_Your goal_
Only the lines below, from the one with "using L that by auto" through the one with "p)^2\ \ (p\to0). \]", are to be written out, exactly.

_Data for analysis_
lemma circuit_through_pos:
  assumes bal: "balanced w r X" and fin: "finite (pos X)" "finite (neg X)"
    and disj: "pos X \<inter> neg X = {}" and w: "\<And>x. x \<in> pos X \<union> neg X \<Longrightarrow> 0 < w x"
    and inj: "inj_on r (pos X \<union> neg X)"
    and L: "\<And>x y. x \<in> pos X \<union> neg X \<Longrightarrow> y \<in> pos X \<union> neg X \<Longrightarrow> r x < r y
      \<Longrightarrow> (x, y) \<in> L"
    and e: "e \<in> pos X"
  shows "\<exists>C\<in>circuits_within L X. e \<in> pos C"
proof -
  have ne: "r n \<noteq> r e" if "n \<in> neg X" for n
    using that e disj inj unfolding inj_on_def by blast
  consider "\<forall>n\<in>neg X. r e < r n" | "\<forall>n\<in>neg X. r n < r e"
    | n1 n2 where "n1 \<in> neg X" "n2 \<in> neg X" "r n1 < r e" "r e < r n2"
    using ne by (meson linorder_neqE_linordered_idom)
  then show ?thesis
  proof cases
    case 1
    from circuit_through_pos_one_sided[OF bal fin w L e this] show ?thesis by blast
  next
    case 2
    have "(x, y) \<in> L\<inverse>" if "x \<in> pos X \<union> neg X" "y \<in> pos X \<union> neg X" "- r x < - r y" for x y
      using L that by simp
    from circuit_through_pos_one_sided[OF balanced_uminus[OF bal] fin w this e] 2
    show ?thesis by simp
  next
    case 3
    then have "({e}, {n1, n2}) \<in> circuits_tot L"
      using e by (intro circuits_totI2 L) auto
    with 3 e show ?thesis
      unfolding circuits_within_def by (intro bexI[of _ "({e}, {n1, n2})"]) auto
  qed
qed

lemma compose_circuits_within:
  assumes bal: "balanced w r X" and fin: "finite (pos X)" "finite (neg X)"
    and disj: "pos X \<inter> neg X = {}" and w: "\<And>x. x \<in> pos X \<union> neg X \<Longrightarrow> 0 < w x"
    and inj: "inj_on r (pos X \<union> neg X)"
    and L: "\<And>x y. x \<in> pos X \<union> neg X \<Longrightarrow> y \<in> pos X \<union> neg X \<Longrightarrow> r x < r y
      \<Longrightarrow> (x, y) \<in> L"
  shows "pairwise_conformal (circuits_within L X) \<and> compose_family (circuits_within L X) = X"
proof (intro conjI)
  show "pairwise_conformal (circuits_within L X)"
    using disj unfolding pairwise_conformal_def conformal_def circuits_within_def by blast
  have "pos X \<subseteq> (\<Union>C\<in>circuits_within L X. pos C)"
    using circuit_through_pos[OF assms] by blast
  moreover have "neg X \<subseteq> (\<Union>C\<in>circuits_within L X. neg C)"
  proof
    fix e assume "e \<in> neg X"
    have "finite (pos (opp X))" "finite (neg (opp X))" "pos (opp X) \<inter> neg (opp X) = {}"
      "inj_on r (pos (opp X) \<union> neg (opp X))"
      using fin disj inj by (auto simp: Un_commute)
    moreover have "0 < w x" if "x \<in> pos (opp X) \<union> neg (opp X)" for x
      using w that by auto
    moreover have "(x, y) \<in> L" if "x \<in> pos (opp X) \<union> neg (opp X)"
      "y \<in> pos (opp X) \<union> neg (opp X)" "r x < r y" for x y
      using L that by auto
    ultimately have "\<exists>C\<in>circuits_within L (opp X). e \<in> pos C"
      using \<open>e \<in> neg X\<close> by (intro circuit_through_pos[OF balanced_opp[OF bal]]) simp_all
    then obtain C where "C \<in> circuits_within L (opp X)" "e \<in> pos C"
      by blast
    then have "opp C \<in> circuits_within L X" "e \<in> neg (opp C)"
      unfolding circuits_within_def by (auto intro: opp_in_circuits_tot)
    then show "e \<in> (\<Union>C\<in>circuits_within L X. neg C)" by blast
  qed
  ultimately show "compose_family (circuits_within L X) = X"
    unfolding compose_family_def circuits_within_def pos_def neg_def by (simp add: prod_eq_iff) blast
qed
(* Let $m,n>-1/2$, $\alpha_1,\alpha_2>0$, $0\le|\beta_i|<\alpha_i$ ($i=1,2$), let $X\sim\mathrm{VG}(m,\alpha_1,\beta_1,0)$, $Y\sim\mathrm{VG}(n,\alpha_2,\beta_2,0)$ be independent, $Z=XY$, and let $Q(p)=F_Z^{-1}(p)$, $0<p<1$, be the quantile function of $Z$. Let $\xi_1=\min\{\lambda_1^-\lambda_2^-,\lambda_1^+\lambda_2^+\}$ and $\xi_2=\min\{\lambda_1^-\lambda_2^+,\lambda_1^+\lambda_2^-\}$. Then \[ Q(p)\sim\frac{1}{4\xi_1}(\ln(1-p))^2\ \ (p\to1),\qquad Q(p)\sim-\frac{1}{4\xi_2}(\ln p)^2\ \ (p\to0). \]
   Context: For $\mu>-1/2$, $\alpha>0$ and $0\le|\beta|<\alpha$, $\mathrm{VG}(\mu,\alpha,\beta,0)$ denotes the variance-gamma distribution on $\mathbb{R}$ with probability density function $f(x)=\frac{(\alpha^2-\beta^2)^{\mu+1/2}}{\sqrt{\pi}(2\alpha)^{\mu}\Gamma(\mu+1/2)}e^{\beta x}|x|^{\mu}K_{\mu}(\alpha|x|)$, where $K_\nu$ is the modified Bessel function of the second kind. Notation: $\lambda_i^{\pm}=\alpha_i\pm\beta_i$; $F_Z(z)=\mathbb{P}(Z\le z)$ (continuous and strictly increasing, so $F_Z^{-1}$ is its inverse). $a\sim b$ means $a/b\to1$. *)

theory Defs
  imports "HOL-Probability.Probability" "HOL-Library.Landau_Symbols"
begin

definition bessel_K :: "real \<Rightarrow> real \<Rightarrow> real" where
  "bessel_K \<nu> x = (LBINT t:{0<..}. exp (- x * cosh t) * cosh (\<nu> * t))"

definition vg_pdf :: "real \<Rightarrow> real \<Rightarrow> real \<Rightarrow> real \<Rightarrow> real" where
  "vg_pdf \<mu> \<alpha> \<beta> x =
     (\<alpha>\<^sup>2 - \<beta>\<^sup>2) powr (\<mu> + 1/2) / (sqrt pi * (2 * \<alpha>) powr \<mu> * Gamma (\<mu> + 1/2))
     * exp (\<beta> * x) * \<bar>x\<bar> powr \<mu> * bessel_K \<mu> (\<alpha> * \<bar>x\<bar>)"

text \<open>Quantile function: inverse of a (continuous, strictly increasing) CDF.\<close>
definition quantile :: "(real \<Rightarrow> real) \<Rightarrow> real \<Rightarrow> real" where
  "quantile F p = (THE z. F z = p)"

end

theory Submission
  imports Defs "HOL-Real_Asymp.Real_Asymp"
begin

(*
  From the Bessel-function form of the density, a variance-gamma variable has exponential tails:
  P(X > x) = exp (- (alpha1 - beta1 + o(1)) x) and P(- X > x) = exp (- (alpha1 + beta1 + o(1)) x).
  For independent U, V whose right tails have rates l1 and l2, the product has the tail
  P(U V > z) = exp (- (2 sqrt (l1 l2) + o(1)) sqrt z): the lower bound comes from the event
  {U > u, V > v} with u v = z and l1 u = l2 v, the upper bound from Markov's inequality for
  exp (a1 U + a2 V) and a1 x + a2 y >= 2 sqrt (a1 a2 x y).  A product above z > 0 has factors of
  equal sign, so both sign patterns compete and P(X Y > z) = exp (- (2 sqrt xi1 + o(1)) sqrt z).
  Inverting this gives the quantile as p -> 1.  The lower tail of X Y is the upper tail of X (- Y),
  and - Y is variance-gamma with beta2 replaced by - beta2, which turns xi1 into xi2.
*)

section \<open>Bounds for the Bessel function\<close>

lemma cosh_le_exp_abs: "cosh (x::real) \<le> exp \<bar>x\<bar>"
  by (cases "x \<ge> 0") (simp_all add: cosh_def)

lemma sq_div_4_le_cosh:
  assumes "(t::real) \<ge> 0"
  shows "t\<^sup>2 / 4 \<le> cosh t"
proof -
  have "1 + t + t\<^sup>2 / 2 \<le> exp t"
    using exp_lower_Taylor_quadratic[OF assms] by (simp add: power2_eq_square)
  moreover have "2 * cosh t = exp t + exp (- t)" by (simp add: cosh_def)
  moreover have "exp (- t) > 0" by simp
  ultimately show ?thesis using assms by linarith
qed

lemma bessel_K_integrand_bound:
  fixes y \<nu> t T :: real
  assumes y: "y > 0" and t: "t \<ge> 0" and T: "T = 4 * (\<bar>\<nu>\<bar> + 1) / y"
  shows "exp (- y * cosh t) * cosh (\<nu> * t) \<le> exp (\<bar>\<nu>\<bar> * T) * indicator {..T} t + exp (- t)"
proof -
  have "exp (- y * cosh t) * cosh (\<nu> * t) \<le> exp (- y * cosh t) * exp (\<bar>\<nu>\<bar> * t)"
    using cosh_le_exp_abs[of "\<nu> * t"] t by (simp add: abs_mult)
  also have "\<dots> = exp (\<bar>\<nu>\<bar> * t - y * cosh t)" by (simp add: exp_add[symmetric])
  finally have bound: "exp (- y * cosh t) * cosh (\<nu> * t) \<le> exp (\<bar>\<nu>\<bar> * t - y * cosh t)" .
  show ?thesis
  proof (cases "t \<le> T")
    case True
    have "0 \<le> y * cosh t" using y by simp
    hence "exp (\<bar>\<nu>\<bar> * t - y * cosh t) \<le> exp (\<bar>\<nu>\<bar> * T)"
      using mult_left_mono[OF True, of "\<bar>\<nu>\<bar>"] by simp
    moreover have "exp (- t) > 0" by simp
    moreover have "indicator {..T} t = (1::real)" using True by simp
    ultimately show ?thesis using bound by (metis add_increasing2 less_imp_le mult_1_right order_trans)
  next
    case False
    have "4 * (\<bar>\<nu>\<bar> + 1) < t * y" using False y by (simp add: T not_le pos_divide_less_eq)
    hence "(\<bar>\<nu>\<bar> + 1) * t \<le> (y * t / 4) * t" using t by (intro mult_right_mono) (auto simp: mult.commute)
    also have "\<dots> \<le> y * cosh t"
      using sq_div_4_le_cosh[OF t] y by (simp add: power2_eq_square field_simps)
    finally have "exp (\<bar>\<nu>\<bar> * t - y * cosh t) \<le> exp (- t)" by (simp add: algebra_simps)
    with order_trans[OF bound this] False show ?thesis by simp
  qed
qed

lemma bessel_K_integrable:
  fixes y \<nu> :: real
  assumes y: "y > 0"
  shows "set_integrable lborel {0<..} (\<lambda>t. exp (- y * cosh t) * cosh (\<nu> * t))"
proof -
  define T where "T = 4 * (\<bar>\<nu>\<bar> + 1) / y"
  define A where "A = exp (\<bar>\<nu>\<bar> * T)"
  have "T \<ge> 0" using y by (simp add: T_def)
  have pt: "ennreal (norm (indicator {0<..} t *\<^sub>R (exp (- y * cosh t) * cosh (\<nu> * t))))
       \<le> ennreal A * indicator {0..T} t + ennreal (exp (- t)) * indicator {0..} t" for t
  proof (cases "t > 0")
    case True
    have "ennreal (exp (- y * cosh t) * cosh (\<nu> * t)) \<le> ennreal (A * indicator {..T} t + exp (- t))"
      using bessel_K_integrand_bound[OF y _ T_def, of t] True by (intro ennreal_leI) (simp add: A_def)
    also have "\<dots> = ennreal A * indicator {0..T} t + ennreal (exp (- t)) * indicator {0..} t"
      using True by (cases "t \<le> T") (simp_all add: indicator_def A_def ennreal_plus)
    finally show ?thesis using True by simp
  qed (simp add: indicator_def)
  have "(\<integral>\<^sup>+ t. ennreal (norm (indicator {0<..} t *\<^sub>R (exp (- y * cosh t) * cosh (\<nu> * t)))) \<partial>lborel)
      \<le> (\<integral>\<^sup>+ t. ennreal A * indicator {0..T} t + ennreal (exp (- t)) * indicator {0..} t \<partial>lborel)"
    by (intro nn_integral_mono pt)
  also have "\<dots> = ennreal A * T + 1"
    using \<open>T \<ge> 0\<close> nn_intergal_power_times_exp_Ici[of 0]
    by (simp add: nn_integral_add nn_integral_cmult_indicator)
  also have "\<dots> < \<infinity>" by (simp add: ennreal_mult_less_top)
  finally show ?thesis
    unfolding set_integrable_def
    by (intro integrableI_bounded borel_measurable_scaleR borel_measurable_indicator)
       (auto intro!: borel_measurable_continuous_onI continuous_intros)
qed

_Answer space_
      using L that by auto
    ultimately have "\<exists>C\<in>circuits_within L (opp X). e \<in> pos C"
      using \<open>e \<in> neg X\<close> by (intro circuit_through_pos[OF balanced_opp[OF bal]]) simp_all
    then obtain C where "C \<in> circuits_within L (opp X)" "e \<in> pos C"
      by blast
    then have "opp C \<in> circuits_within L X" "e \<in> neg (opp C)"
      unfolding circuits_within_def by (auto intro: opp_in_circuits_tot)
    then show "e \<in> (\<Union>C\<in>circuits_within L X. neg C)" by blast
  qed
  ultimately show "compose_family (circuits_within L X) = X"
    unfolding compose_family_def circuits_within_def pos_def neg_def by (simp add: prod_eq_iff) blast
qed
(* Let $m,n>-1/2$, $\alpha_1,\alpha_2>0$, $0\le|\beta_i|<\alpha_i$ ($i=1,2$), let $X\sim\mathrm{VG}(m,\alpha_1,\beta_1,0)$, $Y\sim\mathrm{VG}(n,\alpha_2,\beta_2,0)$ be independent, $Z=XY$, and let $Q(p)=F_Z^{-1}(p)$, $0<p<1$, be the quantile function of $Z$. Let $\xi_1=\min\{\lambda_1^-\lambda_2^-,\lambda_1^+\lambda_2^+\}$ and $\xi_2=\min\{\lambda_1^-\lambda_2^+,\lambda_1^+\lambda_2^-\}$. Then \[ Q(p)\sim\frac{1}{4\xi_1}(\ln(1-p))^2\ \ (p\to1),\qquad Q(p)\sim-\frac{1}{4\xi_2}(\ln p)^2\ \ (p\to0). \]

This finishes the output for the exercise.